- Combine ingredients for pesto in a food processor and blend until well combined. Transfer mixture to a small bowl. Set aside.
- Preheat oven to 375ºF and line a small baking sheet with parchment paper. Lay slices of prosciutto on baking sheet and bake for 12-15 minutes. Remove from oven and cool on baking sheet while preparing mac and cheese. Increase oven temperature to 425ºF.
- In the meantime, bring 8 cups of water to a boil in a large pot. Season water with ½ teaspoon of salt. Add cavatappi noodles and cook for 9-10 minutes until al dente. Drain noodles and set aside in a strainer.

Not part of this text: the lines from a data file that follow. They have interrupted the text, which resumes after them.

lemma has_vector_derivative_drift: "(drift \<rho> has_vector_derivative drift_rate \<rho> t) (at t)"
  unfolding drift_def drift_rate_def
proof (rule has_vector_derivative_suminf)
  show "((\<lambda>t. (c j * \<rho> ^ p j * ((1 - cos (2*pi*divisor j*t)) / divisor j)) *\<^sub>R kvec j)
      has_vector_derivative (c j * \<rho> ^ p j * (2*pi * sin (2*pi*divisor j*t))) *\<^sub>R kvec j) (at t)" for j t
  proof -
    have "((\<lambda>t. c j * \<rho> ^ p j * ((1 - cos (2*pi*divisor j*t)) / divisor j)) has_real_derivative
        c j * \<rho> ^ p j * (2*pi * sin (2*pi*divisor j*t))) (at t)"
      using divisor_neq_0[of j] by (auto intro!: derivative_eq_intros simp: field_simps)
    from has_vector_derivative_scaleR[OF this has_vector_derivative_const[of "kvec j"]]
    show ?thesis by simp
  qed
  show "\<exists>M. summable M \<and> (\<forall>j t. \<bar>t\<bar> \<le> R \<longrightarrow>
      norm ((c j * \<rho> ^ p j * ((1 - cos (2*pi*divisor j*t)) / divisor j)) *\<^sub>R kvec j) \<le> M j \<and>
      norm ((c j * \<rho> ^ p j * (2*pi * sin (2*pi*divisor j*t))) *\<^sub>R kvec j) \<le> M j)" for R
  proof (intro exI conjI allI impI)
    show "summable (\<lambda>j. \<bar>c j\<bar> * weight j 0 * (1 + \<bar>R\<bar>))"
      by (rule summable_mult2[OF summable_weight]) simp
    fix j t assume "\<bar>t\<bar> \<le> R"
    then have "\<bar>c j\<bar> * weight j 0 * \<bar>t\<bar> \<le> \<bar>c j\<bar> * weight j 0 * (1 + \<bar>R\<bar>)"
      "\<bar>c j\<bar> * weight j 0 * 1 \<le> \<bar>c j\<bar> * weight j 0 * (1 + \<bar>R\<bar>)"
      using weight_nonneg[of 0 j] by (intro mult_left_mono; simp)+
    then show "norm ((c j * \<rho> ^ p j * ((1 - cos (2*pi*divisor j*t)) / divisor j)) *\<^sub>R kvec j)
        \<le> \<bar>c j\<bar> * weight j 0 * (1 + \<bar>R\<bar>)"
      "norm ((c j * \<rho> ^ p j * (2*pi * sin (2*pi*divisor j*t))) *\<^sub>R kvec j) \<le> \<bar>c j\<bar> * weight j 0 * (1 + \<bar>R\<bar>)"
      using norm_drift_term_le[of j t] norm_drift_rate_term_le[of j t] by simp_all
  qed
qed

lemma orbit_action_i0: "snd (orbit \<rho> t) $ i0 = \<rho>"
  using suminf_vec_nth[OF summable_drift[of t], of i0]
  by (simp add: orbit_def drift_def kvec_nth_i0)

lemma inner_kvec_orbit: "kvec j \<bullet> fst (orbit \<rho> t) = t * divisor j"
  by (simp add: orbit_def inner_add_right inner_kvec_axis k_i0 divisor_def)

lemma grad_r_H_orbit: "grad (\<lambda>r. H (fst (orbit \<rho> t)) r) (snd (orbit \<rho> t)) = \<omega> + phase_rate \<rho> t *\<^sub>R axis i0 1"
  by (simp add: grad_r_H orbit_action_i0 inner_kvec_orbit phase_rate_def mult_ac)

lemma grad_theta_H_orbit: "- grad (\<lambda>\<theta>. H \<theta> (snd (orbit \<rho> t))) (fst (orbit \<rho> t)) = drift_rate \<rho> t"
proof -
  have "(- grad (\<lambda>\<theta>. H \<theta> (snd (orbit \<rho> t))) (fst (orbit \<rho> t))) $ i = drift_rate \<rho> t $ i" for i
  proof -
    have s: "summable (\<lambda>j. ((c j * \<rho> ^ p j * (2*pi * sin (2*pi*divisor j*t))) *\<^sub>R kvec j) $ i)"
      using bounded_linear.summable[OF bounded_linear_vec_nth summable_drift_rate] .
    show ?thesis
      using suminf_minus[OF s] suminf_vec_nth[OF summable_drift_rate, of t i]
      by (simp add: grad_theta_H orbit_action_i0 inner_kvec_orbit drift_rate_def kvec_nth mult_ac)
  qed
  then show ?thesis by (simp add: vec_eq_iff)
qed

- Heat 4 tablespoons of butter over medium heat in a 4-quart Dutch oven until melted. Sprinkle in flour and whisk to combine. Whisk in Dijon mustard and 1 teaspoon of salt. Gradually whisk in milk. Heat for 3 minutes to thicken.
- Whisk in shredded Gruyère and cheddar cheese. Fold in noodles and pesto sauce. Turn off heat.
- Melt remaining 2 tablespoons of butter over medium heat in a skillet. Add panko bread crumbs and stir to coat. Sprinkle panko over mac and cheese and bake for 10-12 minutes, until panko is golden brown.
- Remove mac and cheese from oven and chop crispy prosciutto into bite size pieces. Sprinkle on top of mac and cheese. Serve hot.